§ **Exercise prompt**
Every line holding the word "definition" should be copied from the material.

§ **Data for the task**
lemma bh_equiv_kron_fourier_of_characters:
  fixes C :: "('b \<Rightarrow> 'a::field) set"
  assumes "prime p" "CHAR('a) = p" "lin_closed C" "finite C" "card C = p ^ L"
    and entries_less: "\<forall>j<p ^ L. \<forall>c\<in>C. f j c < p"
    and characters: "\<forall>j<p ^ L. character_on C (\<lambda>c. zeta p ^ f j c)"
    and distinct: "\<forall>j<p ^ L. \<forall>j'<p ^ L. (\<forall>c\<in>C. zeta p ^ f j c = zeta p ^ f j' c) \<longrightarrow> j = j'"
  shows "bh_equiv p (\<lambda>j c. zeta p ^ f j c) {..<p ^ L} C (kron_pow p (fourier p) L) {..<p ^ L} {..<p ^ L}"
proof -
  obtain g where g: "\<forall>i<L. g i \<in> C" "bij_betw (digit_comb p L g) {..<p ^ L} C"
    using exists_digit_basis[OF assms(1-5)] by blast
  define \<sigma> where "\<sigma> j = (\<Sum>i<L. f j (g i) * p ^ i)" for j
  define \<tau> where "\<tau> = the_inv_into {..<p ^ L} (digit_comb p L g)"
  have f_g: "\<forall>i<L. f j (g i) < p" if "j < p ^ L" for j
    using entries_less g(1) that by simp
  have entry: "zeta p ^ f j (digit_comb p L g d) = kron_pow p (fourier p) L (\<sigma> j) d"
    if "j < p ^ L" "d < p ^ L" for j d
    unfolding \<sigma>_def using assms(1,3) characters that g(1) f_g
    by (intro character_digit_comb_eq_kron_fourier) (simp_all add: prime_gt_0_nat)
  have "inj_on \<sigma> {..<p ^ L}"
  proof (rule inj_onI)
    fix j j' assume j: "j \<in> {..<p ^ L}" and j': "j' \<in> {..<p ^ L}" and "\<sigma> j = \<sigma> j'"
    hence "zeta p ^ f j c = zeta p ^ f j' c" if "c \<in> C" for c
      using that g(2) entry by (auto simp: bij_betw_def)
    thus "j = j'"
      using distinct j j' by blast
  qed
  moreover have "\<sigma> j < p ^ L" if "j < p ^ L" for j
    unfolding \<sigma>_def using f_g[OF that] by (rule sum_digits_less)
  ultimately have "bij_betw \<sigma> {..<p ^ L} {..<p ^ L}"
    by (simp add: bij_betw_def endo_inj_surj image_subset_iff)
  moreover have "bij_betw \<tau> C {..<p ^ L}"
    unfolding \<tau>_def using g(2) by (rule bij_betw_the_inv_into)
  moreover have "zeta p ^ f j c = 1 * 1 * kron_pow p (fourier p) L (\<sigma> j) (\<tau> c)"
    if "j < p ^ L" "c \<in> C" for j c
  proof -
    have "\<tau> c < p ^ L"
      using bij_betw_apply[OF calculation(2) that(2)] by simp
    moreover have "digit_comb p L g (\<tau> c) = c"
      unfolding \<tau>_def using g(2) that(2) by (rule f_the_inv_into_f_bij_betw)
    ultimately show ?thesis
      using entry[OF that(1), of "\<tau> c"] by simp
  qed
  ultimately show ?thesis
    unfolding bh_equiv_def by (intro exI[of _ \<sigma>] exI[of _ \<tau>] exI[of _ "\<lambda>_. 1"]) auto
qed

section \<open>Translation symmetries of stabilizer codes\<close>

definition periods :: "nat \<Rightarrow> ((nat \<Rightarrow> 'a::field) \<Rightarrow> complex) set \<Rightarrow> (nat \<Rightarrow> 'a) set" where
  "periods N Q = {a \<in> Fvec N. \<forall>v\<in>Q. \<forall>y. v (\<lambda>i. y i - a i) = v y}"

lemma periodsD: "a \<in> periods N Q \<Longrightarrow> v \<in> Q \<Longrightarrow> v (\<lambda>i. y i - a i) = v y"
  by (simp add: periods_def)

lemma zero_mem_periods: "(\<lambda>_. 0) \<in> periods N Q"
  by (simp add: periods_def Fvec_def)

lemma periods_add:
  assumes "a \<in> periods N Q" "b \<in> periods N Q"
  shows "(\<lambda>i. a i + b i) \<in> periods N Q"
proof -
  have "v (\<lambda>i. y i - (a i + b i)) = v y" if "v \<in> Q" for v y
  proof -
    have "v (\<lambda>i. y i - (a i + b i)) = v (\<lambda>i. (y i - b i) - a i)"
      by (simp add: algebra_simps)
    also have "\<dots> = v y"
      using periodsD[OF assms(1) that] periodsD[OF assms(2) that] by simp
    finally show ?thesis .
  qed
  thus ?thesis
    using assms by (simp add: periods_def Fvec_def)
qed

lemma periods_diff:
  assumes "a \<in> periods N Q" "b \<in> periods N Q"
  shows "(\<lambda>i. a i - b i) \<in> periods N Q"
proof -
  have "v (\<lambda>i. y i - (a i - b i)) = v y" if "v \<in> Q" for v y
  proof -
    have "v (\<lambda>i. y i - (a i - b i)) = v (\<lambda>i. (y i + b i) - a i)"
      by (simp add: algebra_simps)
    also have "\<dots> = v (\<lambda>i. y i + b i)"
      using periodsD[OF assms(1) that] .
    also have "\<dots> = v y"
      using periodsD[OF assms(2) that, of "\<lambda>i. y i + b i"] by simp
    finally show ?thesis .
  qed
  thus ?thesis
    using assms by (simp add: periods_def Fvec_def)
qed

lemma periods_diff_iff:
  assumes "a \<in> periods N Q"
  shows "(\<lambda>i. y i - a i) \<in> periods N Q \<longleftrightarrow> y \<in> periods N Q"
  using periods_add[OF _ assms, of "\<lambda>i. y i - a i"] periods_diff[OF _ assms] by auto

lemma pauli_act_shift:
  assumes "w \<in> phases p"
  obtains \<rho> where "\<forall>y. \<rho> y \<noteq> 0" "\<forall>v. pauli_act p r N (w, a, b) v = (\<lambda>y. \<rho> y * v (\<lambda>i. y i - a i))"
proof
  show "\<forall>y. w * zeta p ^ fp_rep p (trace p r (\<Sum>i<N. b i * (y i - a i))) \<noteq> 0"
    using assms by (auto simp: phases_def zeta_def split: if_splits)
qed (simp add: pauli_act_def)

lemma shift_fixing_indicator:
  assumes "lin_closed S" "\<rho> a \<noteq> 0"
    and fixes_S: "\<forall>y. \<rho> y * indicator S (\<lambda>i. y i - a i) = (indicator S y :: complex)"
  shows "a \<in> S" and "\<forall>y\<in>S. \<rho> y = 1"
proof -
  show "a \<in> S"
    using fixes_S[rule_format, of a] assms(2) lin_closed_zero[OF assms(1)]
    by (auto simp: indicator_def split: if_splits)
  thus "\<forall>y\<in>S. \<rho> y = 1"
    using fixes_S lin_closed_diff_iff[OF assms(1)] by (auto simp: indicator_def)
qed

lemma Stab_acts_as_translation:
  assumes E: "(w, a, b) \<in> Stab p r N Q" and "lin_closed S" "indicator S \<in> Q"
  obtains \<rho> where "a \<in> S" "\<forall>y\<in>S. \<rho> y = 1"
    and "\<forall>v\<in>Q. \<forall>y. \<rho> y * v (\<lambda>i. y i - a i) = v y"
    and "\<forall>v. pauli_act p r N (w, a, b) v = (\<lambda>y. \<rho> y * v (\<lambda>i. y i - a i))"
proof -
  have "w \<in> phases p"
    using E by (simp add: Stab_def pauli_def)
  then obtain \<rho> where "\<forall>y. \<rho> y \<noteq> 0"
    and act: "\<forall>v. pauli_act p r N (w, a, b) v = (\<lambda>y. \<rho> y * v (\<lambda>i. y i - a i))"
    by (rule pauli_act_shift)
  moreover have fixes_Q: "\<forall>v\<in>Q. \<forall>y. \<rho> y * v (\<lambda>i. y i - a i) = v y"
    using E act by (simp add: Stab_def fun_eq_iff)
  ultimately show ?thesis
    using that shift_fixing_indicator[OF assms(2)] assms(3) by blast
qed

lemma indicator_periods_mem_stabilizer_code:
  assumes stab: "stabilizer_code p r N Q" and S: "lin_closed S"
    and support: "\<forall>v\<in>Q. \<forall>x. x \<notin> S \<longrightarrow> v x = 0" and "indicator S \<in> Q"
  shows "indicator (periods N Q) \<in> Q"
proof -
  let ?P = "periods N Q"
  have P_S: "?P \<subseteq> S"
  proof
    fix a assume "a \<in> ?P"
    hence "indicator S (\<lambda>i. a i - a i) = (indicator S a :: complex)"
      using \<open>indicator S \<in> Q\<close> by (rule periodsD)
    thus "a \<in> S"
      using lin_closed_zero[OF S] by (simp add: indicator_def split: if_splits)
  qed
  have "pauli_act p r N (w, a, b) (indicator ?P) = indicator ?P" if E: "(w, a, b) \<in> Stab p r N Q" for w a b
  proof -
    obtain \<rho> where "a \<in> S" and \<rho>_S: "\<forall>y\<in>S. \<rho> y = 1"
      and fixes_Q: "\<forall>v\<in>Q. \<forall>y. \<rho> y * v (\<lambda>i. y i - a i) = v y"
      and act: "\<forall>v. pauli_act p r N (w, a, b) v = (\<lambda>y. \<rho> y * v (\<lambda>i. y i - a i))"
      using Stab_acts_as_translation[OF E S \<open>indicator S \<in> Q\<close>] by blast
    have shift_S: "(\<lambda>i. y i - a i) \<in> S \<longleftrightarrow> y \<in> S" for y
      by (rule lin_closed_diff_iff[OF S \<open>a \<in> S\<close>])
    have "v (\<lambda>i. y i - a i) = v y" if "v \<in> Q" for v y
    proof (cases "y \<in> S")
      case True
      thus ?thesis
        using fixes_Q[rule_format, OF that, of y] \<rho>_S by simp
    next
      case False
      thus ?thesis
        using shift_S by (simp add: support[rule_format, OF that])
    qed
    moreover have "a \<in> Fvec N"
      using E by (simp add: Stab_def pauli_def)
    ultimately have "a \<in> ?P"
      by (simp add: periods_def)
    have "\<rho> y * indicator ?P (\<lambda>i. y i - a i) = (indicator ?P y :: complex)" for y
    proof (cases "y \<in> S")
      case True
      thus ?thesis
        using \<rho>_S periods_diff_iff[OF \<open>a \<in> ?P\<close>] by (simp add: indicator_def)
    next
      case False
      thus ?thesis
        using P_S shift_S by (auto simp: indicator_def)
    qed
    thus ?thesis
      using act by simp
  qed
  moreover have "indicator ?P \<in> qspace N"
    by (simp add: qspace_def periods_def)
  ultimately show ?thesis
    using stab unfolding stabilizer_code_def by auto
qed

section \<open>Tensor powers of the row states\<close>

definition product_code :: "nat \<Rightarrow> nat \<Rightarrow> (nat \<Rightarrow> 'a::field) set \<Rightarrow> (nat \<Rightarrow> 'a) set" where
  "product_code n m C = {x \<in> Fvec (n * m). \<forall>t<m. block n t x \<in> C}"

lemma lin_closed_product_code:
  assumes "lin_closed C"
  shows "lin_closed (product_code n m C)"
proof -
  have "block n t (\<lambda>_. 0 :: 'a) = (\<lambda>_. 0)"
    and "block n t (\<lambda>i. x i + y i) = (\<lambda>i. block n t x i + block n t y i)"
    and "block n t (\<lambda>i. a * x i) = (\<lambda>i. a * block n t x i)" for t x y and a :: 'a
    by (simp_all add: block_def fun_eq_iff)
  thus ?thesis
    using assms by (simp add: lin_closed_def product_code_def Fvec_def)
qed

lemma tensor_pow_phi:
  "tensor_pow n m (phi p N C f j) x =
    (if x \<in> product_code n m C
     then complex_of_real (1 / sqrt (real N)) ^ m * (\<Prod>t<m. zeta p ^ f j (block n t x)) else 0)"
proof (cases "x \<in> product_code n m C")
  case True
  thus ?thesis
    by (simp add: tensor_pow_def phi_def product_code_def prod_dividef power_one_over)
next
  case False
  thus ?thesis
    by (auto simp: tensor_pow_def phi_def product_code_def)
qed

definition two_blocks :: "nat \<Rightarrow> (nat \<Rightarrow> 'a::field) \<Rightarrow> (nat \<Rightarrow> 'a) \<Rightarrow> nat \<Rightarrow> 'a" where
  "two_blocks n u z = (\<lambda>i. if i < n then u i else if i < 2 * n then z (i - n) else 0)"

lemma two_blocks_zero: "two_blocks n (\<lambda>_. 0) (\<lambda>_. 0) = (\<lambda>_. 0)"
  by (simp add: two_blocks_def fun_eq_iff)

lemma two_blocks_diff:
  "(\<lambda>i. two_blocks n u z i - two_blocks n u' z' i) = two_blocks n (\<lambda>i. u i - u' i) (\<lambda>i. z i - z' i)"
  by (simp add: two_blocks_def fun_eq_iff)

lemma block_two_blocks:
  assumes "u \<in> Fvec n" "z \<in> Fvec n"
  shows "block n t (two_blocks n u z) = (if t = 0 then u else if t = 1 then z else (\<lambda>_. 0))"
proof -
  consider "t = 0" | "t = 1" | "2 \<le> t"
    by linarith
  thus ?thesis
  proof cases
    case 3
    hence "2 * n \<le> t * n"
      by (rule mult_right_mono) simp
    hence "\<not> t * n + i < n" "\<not> t * n + i < 2 * n" for i
      by linarith+
    thus ?thesis
      using 3 by (auto simp: block_def two_blocks_def fun_eq_iff)
  qed (use assms in \<open>auto simp: block_def two_blocks_def Fvec_def fun_eq_iff\<close>)
qed

lemma two_blocks_mem_product_code:
  assumes "lin_closed C" "C \<subseteq> Fvec n" "u \<in> C" "z \<in> C" "2 \<le> m"
  shows "two_blocks n u z \<in> product_code n m C"
proof -
  have "2 * n \<le> n * m"
    using assms(5) by simp
  hence "\<not> i < n" "\<not> i < 2 * n" if "n * m \<le> i" for i
    using that by linarith+
  hence "two_blocks n u z \<in> Fvec (n * m)"
    by (auto simp: Fvec_def two_blocks_def)
  moreover have "u \<in> Fvec n" "z \<in> Fvec n"
    using assms(2-4) by auto
  ultimately show ?thesis
    using assms(3,4) lin_closed_zero[OF assms(1)] by (simp add: product_code_def block_two_blocks)
qed

lemma tensor_pow_phi_two_blocks:
  assumes "lin_closed C" "C \<subseteq> Fvec n" "u \<in> C" "z \<in> C" "2 \<le> m" "f j (\<lambda>_. 0) = 0"
  shows "tensor_pow n m (phi p N C f j) (two_blocks n u z)
    = complex_of_real (1 / sqrt (real N)) ^ m * (zeta p ^ f j u * zeta p ^ f j z)"
proof -
  obtain m' where m: "m = Suc (Suc m')"
    using assms(5) by (metis add_2_eq_Suc le_Suc_ex)
  have "u \<in> Fvec n" "z \<in> Fvec n"
    using assms(2-4) by auto
  hence "(\<Prod>t<m. zeta p ^ f j (block n t (two_blocks n u z))) = zeta p ^ f j u * zeta p ^ f j z"
    using assms(6) unfolding m prod.lessThan_Suc_shift by (simp add: block_two_blocks)
  thus ?thesis
    using two_blocks_mem_product_code[OF assms(1-5)] by (simp add: tensor_pow_phi)
qed

lemma cspan_fin_generator: "j < M \<Longrightarrow> g j \<in> cspan_fin M g"
  unfolding cspan_fin_def by (auto intro!: exI[of _ "\<lambda>i. of_bool (i = j)"] simp: fun_eq_iff)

§ **Task response**
definition periods :: "nat \<Rightarrow> ((nat \<Rightarrow> 'a::field) \<Rightarrow> complex) set \<Rightarrow> (nat \<Rightarrow> 'a) set" where
definition product_code :: "nat \<Rightarrow> nat \<Rightarrow> (nat \<Rightarrow> 'a::field) set \<Rightarrow> (nat \<Rightarrow> 'a) set" where
definition two_blocks :: "nat \<Rightarrow> (nat \<Rightarrow> 'a::field) \<Rightarrow> (nat \<Rightarrow> 'a) \<Rightarrow> nat \<Rightarrow> 'a" where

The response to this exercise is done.